§ What you should do
Return all lines below containing the word "intro".

§ Entries shown
section \<open>The ground state projection\<close>

definition is_orth_proj :: "'d site set \<Rightarrow> 'd vec set \<Rightarrow> 'd mat \<Rightarrow> bool" where
  "is_orth_proj L K P \<longleftrightarrow> (\<forall>S T. (S \<notin> Pow L \<or> T \<notin> Pow L) \<longrightarrow> P S T = 0) \<and>
     (\<forall>v. (\<lambda>S. if S \<in> Pow L then mv L P v S else 0) \<in> K \<and>
          (\<forall>w\<in>K. inner_H L (\<lambda>S. v S - mv L P v S) w = 0))"

lemma is_orth_projI:
  assumes "\<And>S T. S \<notin> Pow L \<or> T \<notin> Pow L \<Longrightarrow> P S T = 0"
    and "\<And>v. (\<lambda>S. if S \<in> Pow L then mv L P v S else 0) \<in> K"
    and "\<And>v w. w \<in> K \<Longrightarrow> inner_H L (\<lambda>S. v S - mv L P v S) w = 0"
  shows "is_orth_proj L K P"
  using assms unfolding is_orth_proj_def by simp

lemma is_orth_projD:
  assumes "is_orth_proj L K P"
  shows "S \<notin> Pow L \<or> T \<notin> Pow L \<Longrightarrow> P S T = 0"
    and "(\<lambda>S. if S \<in> Pow L then mv L P v S else 0) \<in> K"
    and "w \<in> K \<Longrightarrow> inner_H L (\<lambda>S. v S - mv L P v S) w = 0"
  using assms unfolding is_orth_proj_def by simp_all

lemma mv_indicator:
  assumes "finite L" "T \<in> Pow L"
  shows "mv L P (\<lambda>U. if U = T then 1 else 0) S = P S T"
proof -
  have "mv L P (\<lambda>U. if U = T then 1 else 0) S = (\<Sum>U\<in>Pow L. if U = T then P S U else 0)"
    unfolding mv_def by (intro sum.cong refl) auto
  then show ?thesis using assms by simp
qed

lemma inner_H_self_eq_0D:
  assumes "finite L" "inner_H L d d = 0" "S \<in> Pow L"
  shows "d S = 0"
proof -
  have "\<And>z. complex_of_real ((cmod z)\<^sup>2) = cnj z * z"
    by (subst complex_norm_square) (rule mult.commute)
  then have "complex_of_real (\<Sum>S\<in>Pow L. (cmod (d S))\<^sup>2) = inner_H L d d"
    unfolding inner_H_def by (simp only: of_real_sum)
  then have "(\<Sum>S\<in>Pow L. (cmod (d S))\<^sup>2) = 0" using assms(2) by (simp only: of_real_eq_0_iff)
  then have "\<forall>S\<in>Pow L. (cmod (d S))\<^sup>2 = 0" using assms(1) by (simp add: sum_nonneg_eq_0_iff)
  then show ?thesis using assms(3) by simp
qed

text \<open>Uniqueness holds for any \<open>K\<close> closed under differences: for two candidates \<open>P\<close>, \<open>P'\<close>
  the vector \<open>d = P v - P' v\<close> lies in \<open>K\<close> and is orthogonal to \<open>K\<close>.\<close>

lemma is_orth_proj_apply_unique:
  assumes fin: "finite L" and K: "\<And>u w. u \<in> K \<Longrightarrow> w \<in> K \<Longrightarrow> (\<lambda>S. u S - w S) \<in> K"
    and P: "is_orth_proj L K P" and P': "is_orth_proj L K P'" and S: "S \<in> Pow L"
  shows "mv L P v S = mv L P' v S"
proof -
  let ?r = "\<lambda>Q S. if S \<in> Pow L then mv L Q v S else 0"
  define d where "d S = ?r P S - ?r P' S" for S
  have "d \<in> K" unfolding d_def by (rule K[OF is_orth_projD(2)[OF P] is_orth_projD(2)[OF P']])
  then have "inner_H L (\<lambda>S. v S - mv L P v S) d = 0" "inner_H L (\<lambda>S. v S - mv L P' v S) d = 0"
    by (simp_all add: is_orth_projD(3)[OF P] is_orth_projD(3)[OF P'])
  then have "inner_H L (\<lambda>S. v S - mv L P' v S) d - inner_H L (\<lambda>S. v S - mv L P v S) d = 0"
    by simp
  moreover have "inner_H L (\<lambda>S. v S - mv L P' v S) d - inner_H L (\<lambda>S. v S - mv L P v S) d
      = inner_H L d d"
    unfolding inner_H_def sum_subtractf[symmetric] by (intro sum.cong refl) (simp add: d_def algebra_simps)
  ultimately have "d S = 0" using inner_H_self_eq_0D[OF fin _ S] by simp
  then show ?thesis using S unfolding d_def by simp
qed

lemma orth_proj_eqI:
  assumes fin: "finite L" and K: "\<And>u w. u \<in> K \<Longrightarrow> w \<in> K \<Longrightarrow> (\<lambda>S. u S - w S) \<in> K"
    and P: "is_orth_proj L K P"
  shows "orth_proj L K = P"
  unfolding orth_proj_def is_orth_proj_def[symmetric]
proof (rule the_equality)
  show "is_orth_proj L K P" by (rule P)
next
  fix P' assume P': "is_orth_proj L K P'"
  show "P' = P"
  proof (intro ext)
    fix S T
    show "P' S T = P S T"
    proof (cases "S \<in> Pow L \<and> T \<in> Pow L")
      case True
      then have S: "S \<in> Pow L" and T: "T \<in> Pow L" by blast+
      let ?\<delta> = "\<lambda>U. if U = T then 1 else 0"
      have "mv L P' ?\<delta> S = mv L P ?\<delta> S"
        by (rule is_orth_proj_apply_unique[OF fin K P' P S])
      then show ?thesis by (simp add: mv_indicator[OF fin T])
    next
      case False
      then have "S \<notin> Pow L \<or> T \<notin> Pow L" by blast
      then have "P' S T = 0" "P S T = 0" by (rule is_orth_projD(1)[OF P'], rule is_orth_projD(1)[OF P])
      then show ?thesis by simp
    qed
  qed
qed

definition ground_proj :: "real ^ 'd \<Rightarrow> 'd::finite site set \<Rightarrow> 'd mat" where
  "ground_proj lam L S T = (if S \<subseteq> L \<and> T \<subseteq> L then complex_of_real ((if S = {} \<and> T = {} then 1 else 0)
      + psi lam L S * psi lam L T / Cw lam L) else 0)"

lemma mv_ground_proj:
  assumes "finite L" "S \<subseteq> L"
  shows "mv L (ground_proj lam L) v S
       = (if S = {} then v {} else 0) + complex_of_real (psi lam L S / Cw lam L) * psi_inner lam L v"
proof -
  have "mv L (ground_proj lam L) v S = (\<Sum>T\<in>Pow L. (if T = {} then (if S = {} then v T else 0) else 0)
        + complex_of_real (psi lam L S / Cw lam L) * (complex_of_real (psi lam L T) * v T))"
    unfolding mv_def ground_proj_def using assms(2) by (intro sum.cong refl) (auto simp: algebra_simps)
  also have "\<dots> = (if S = {} then v {} else 0) + complex_of_real (psi lam L S / Cw lam L) * psi_inner lam L v"
    using assms(1) unfolding sum.distrib sum_distrib_left[symmetric] psi_inner_def
    by (simp add: sum_Pow_psi)
  finally show ?thesis .
qed

lemma inner_H_ground_space:
  assumes "finite L" "ground_space lam L w"
  shows "inner_H L f w = cnj (f {}) * w {} + (\<Sum>x\<in>L. cnj (f {x}) * w {x})"
  unfolding inner_H_def
proof (rule sum_Pow_card_le_1[OF assms(1)])
  fix S assume "S \<subseteq> L" "2 \<le> card S"
  then have "w S = 0" using assms(2) unfolding ground_space_def by blast
  then show "cnj (f S) * w S = 0" by simp
qed
(* In the setting below, the optimal policy with views $$\pi^*(t)=\tfrac1\gamma(\Sigma^S)^{-1}\big(\tilde\alpha(t,y)+\tilde\beta(t)x-r_f\mathbf 1_N\big)+\tfrac1\gamma(\Sigma^S)^{-1}\Sigma^{S,X}\big(A(t)x+b(t)\big)$$ can be written as $$\pi^*(t)=\tfrac1\gamma(\Sigma^S)^{-1}(\alpha+\beta x-r_f\mathbf 1_N)+\tfrac1\gamma(\Sigma^S)^{-1}\Sigma^{S,X}\big(A_1(t)x+b_1(t)\big),$$ where $A_1(t)\in\mathbb R^{d\times d}$ solves the constant-coefficient Riccati equation $$A_1'+\tfrac{1-\gamma}{\gamma}\beta^\top(\Sigma^S)^{-1}\beta+A_1\big(\Sigma^X+\tfrac{1-\gamma}{\gamma}(\Sigma^{S,X})^\top(\Sigma^S)^{-1}\Sigma^{S,X}\big)A_1+A_1\big(\tfrac{1-\gamma}{\gamma}(\Sigma^{S,X})^\top(\Sigma^S)^{-1}\beta-\Theta\big)+\big(\tfrac{1-\gamma}{\gamma}(\Sigma^{S,X})^\top(\Sigma^S)^{-1}\beta-\Theta\big)^\top A_1=0,$$ and $b_1(t)\in\mathbb R^d$ solves $$b_1'+\tfrac{1-\gamma}{\gamma}\big(\beta^\top+A_1(\Sigma^{S,X})^\top\big)(\Sigma^S)^{-1}\big(\Sigma^{S,X}b_1+\alpha-r_f\mathbf 1_N\big)+\big(A_1\Sigma^X-\Theta^\top\big)b_1+A_1\Theta\mu=0,$$ with terminal conditions $A_1(T)=-P^\top\Omega^{-1}P$ and $b_1(T)=P^\top\Omega^{-1}y$. Furthermore, $A_1(t)$ is negative semi-definite on $[0,T]$, and if $A_1^{(1)}$ and $A_1^{(2)}$ are the solutions corresponding to view covariance matrices $\Omega^{(1)},\Omega^{(2)}$ with $(\Omega^{(1)})^{-1}\succeq(\Omega^{(2)})^{-1}$, then $A_1^{(1)}(t)\preceq A_1^{(2)}(t)$.
   Context: Setting: $\gamma>1$, risk-free rate $r_f$. $W$ is $N'$-dim Brownian motion; factors $dX=\Theta(\mu-X)dt+L^XdW$ in $\mathbb R^d$, prices $dS=D(S)((\alpha+\beta X)dt+L^SdW)$ in $\mathbb R^N$; views $Y(0,T)=PX(T)+\epsilon$, $P\in\mathbb R^{K\times d}$, $\epsilon\sim\mathcal N(0,\Omega)$ independent of $W$, $\Omega\succ0$; $\Theta$ has eigenvalues with positive real parts; $L^X,L^S$ full row rank; $\Sigma^X=L^X(L^X)^\top$, $\Sigma^S=L^S(L^S)^\top$, $\Sigma^{S,X}=L^S(L^X)^\top$; $\Sigma$ solves $\Theta\Sigma+\Sigma\Theta^\top=\Sigma^X$; $\eta(t)=(Pe^{-\Theta(T-t)}L^X)^\top(P(\Sigma-e^{-\Theta(T-t)}\Sigma e^{-\Theta^\top(T-t)})P^\top+\Omega)^{-1}$, $\tilde\Theta(t)=\Theta+L^X\eta(t)Pe^{-\Theta(T-t)}$, $\tilde\mu(t,y)=\mu+\tilde\Theta(t)^{-1}L^X\eta(t)(y-P\mu)$, $\tilde\alpha(t,y)=\alpha+L^S\eta(t)(y-P(I_d-e^{-\Theta(T-t)})\mu)$, $\tilde\beta(t)=\beta-L^S\eta(t)Pe^{-\Theta(T-t)}$. $A(t)$ solves $A'+\tfrac{1-\gamma}{\gamma}\tilde\beta^\top(\Sigma^S)^{-1}\tilde\beta+A(\Sigma^X+\tfrac{1-\gamma}{\gamma}(\Sigma^{S,X})^\top(\Sigma^S)^{-1}\Sigma^{S,X})A+A(\tfrac{1-\gamma}{\gamma}(\Sigma^{S,X})^\top(\Sigma^S)^{-1}\tilde\beta-\tilde\Theta)+(\tfrac{1-\gamma}{\gamma}(\Sigma^{S,X})^\top(\Sigma^S)^{-1}\tilde\beta-\tilde\Theta)^\top A=0$, $A(T)=0$; $b(t)$ solves $b'+\tfrac{1-\gamma}{\gamma}(\tilde\beta^\top+A(\Sigma^{S,X})^\top)(\Sigma^S)^{-1}(\Sigma^{S,X}b+\tilde\alpha(t,y)-r_f\mathbf 1_N)+(A\Sigma^X-\tilde\Theta^\top)b+A\tilde\Theta\tilde\mu(t,y)=0$, $b(T)=0$. The displayed $\pi^*$ is the optimal fraction-of-wealth policy of a CRRA investor (utility $z^{1-\gamma}/(1-\gamma)$) maximizing expected terminal utility given the view $Y(0,T)=y$, with $x$ the current factor value. $\preceq$ is the positive semi-definite (Loewner) order.
   Formalization: The matrix $\tilde\Theta(t)$ is also assumed invertible for every t in [0,T]. The statement above fails without it. *)

theory Defs
  imports "HOL-Analysis.Analysis"
begin
lemma sum_Sigma_mult_prod_list_ge:
  fixes t :: real
  assumes t: "0 < t" "4 * (real M + 1) * t \<le> 1" and Ws: "\<forall>w\<in>set Ws. 1 \<le> w \<and> w < M"
  defines "K \<equiv> nat \<lfloor>1 / (4 * t)\<rfloor>" and "R \<equiv> \<lambda>a::nat. nat \<lfloor>1 / (2 * real a * t)\<rfloor>"
  shows "prod_list (map (\<lambda>w. 1 / (8 * real w)) Ws) / 8 * (ln (1 / (4 * t)) - harm M)
    \<le> (\<Sum>(a, r)\<in>Sigma {M<..K} (\<lambda>a. {1..R a}). (1 - t) ^ (a * r)) *
      prod_list (map (\<lambda>w. \<Sum>r\<in>{1..R w}. (1 - t) ^ (w * r)) Ws) * t ^ (length Ws + 1)"
proof -
  define P where "P = prod_list (map (\<lambda>w. 1 / (8 * real w)) Ws)"
  have "0 < P" unfolding P_def using Ws by (induction Ws) auto
  have "real M \<le> 1 / (4 * t)" using t by (simp add: field_simps)
  hence MK: "M \<le> K" unfolding K_def by (simp add: le_nat_floor le_floor_iff)
  have "1 / (4 * t) \<le> real K + 1" unfolding K_def using t by linarith
  hence "ln (1 / (4 * t)) \<le> ln (real K + 1)" using t by (subst ln_le_cancel_iff) auto
  hence "P / 8 * (ln (1 / (4 * t)) - harm M) \<le> P / 8 * (harm K - harm M)"
    using ln_le_harm[of K] \<open>0 < P\<close> by (intro mult_left_mono) auto
  also have "\<dots> = (harm K - harm M) / (8 * t) * (P / t ^ length Ws) * t ^ (length Ws + 1)"
    using t by (simp add: field_simps)
  also have "\<dots> \<le> (\<Sum>(a, r)\<in>Sigma {M<..K} (\<lambda>a. {1..R a}). (1 - t) ^ (a * r)) *
      prod_list (map (\<lambda>w. \<Sum>r\<in>{1..R w}. (1 - t) ^ (w * r)) Ws) * t ^ (length Ws + 1)"
  proof (rule mult_right_mono[OF mult_mono])
    show Sigma_ge: "(harm K - harm M) / (8 * t)
        \<le> (\<Sum>(a, r)\<in>Sigma {M<..K} (\<lambda>a. {1..R a}). (1 - t) ^ (a * r))"
      using sum_one_minus_power_Sigma_ge[OF t(1)] MK by (simp add: K_def R_def)
    have "\<forall>w\<in>set Ws. 1 \<le> w \<and> 4 * real w * t \<le> 1"
    proof
      fix w assume "w \<in> set Ws"
      hence "1 \<le> w" "real w \<le> real M + 1" using Ws by auto
      moreover from this have "4 * real w * t \<le> 4 * (real M + 1) * t"
        using t by (intro mult_right_mono mult_left_mono) auto
      ultimately show "1 \<le> w \<and> 4 * real w * t \<le> 1" using t by linarith
    qed
    thus "P / t ^ length Ws \<le> prod_list (map (\<lambda>w. \<Sum>r\<in>{1..R w}. (1 - t) ^ (w * r)) Ws)"
      unfolding P_def R_def by (rule prod_list_sum_one_minus_power_ge[OF t(1)])
    show "0 \<le> (\<Sum>(a, r)\<in>Sigma {M<..K} (\<lambda>a. {1..R a}). (1 - t) ^ (a * r))"
      by (rule order_trans[OF _ Sigma_ge]) (use harm_mono[OF MK, where 'a=real] t in simp)
    show "0 \<le> P / t ^ length Ws" using \<open>0 < P\<close> t by simp
  qed (use t in simp)
  finally show ?thesis by (simp only: P_def)
qed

§ Task output
    unfolding mv_def by (intro sum.cong refl) auto
    unfolding inner_H_def sum_subtractf[symmetric] by (intro sum.cong refl) (simp add: d_def algebra_simps)
  proof (intro ext)
    unfolding mv_def ground_proj_def using assms(2) by (intro sum.cong refl) (auto simp: algebra_simps)
    using ln_le_harm[of K] \<open>0 < P\<close> by (intro mult_left_mono) auto
        using t by (intro mult_right_mono mult_left_mono) auto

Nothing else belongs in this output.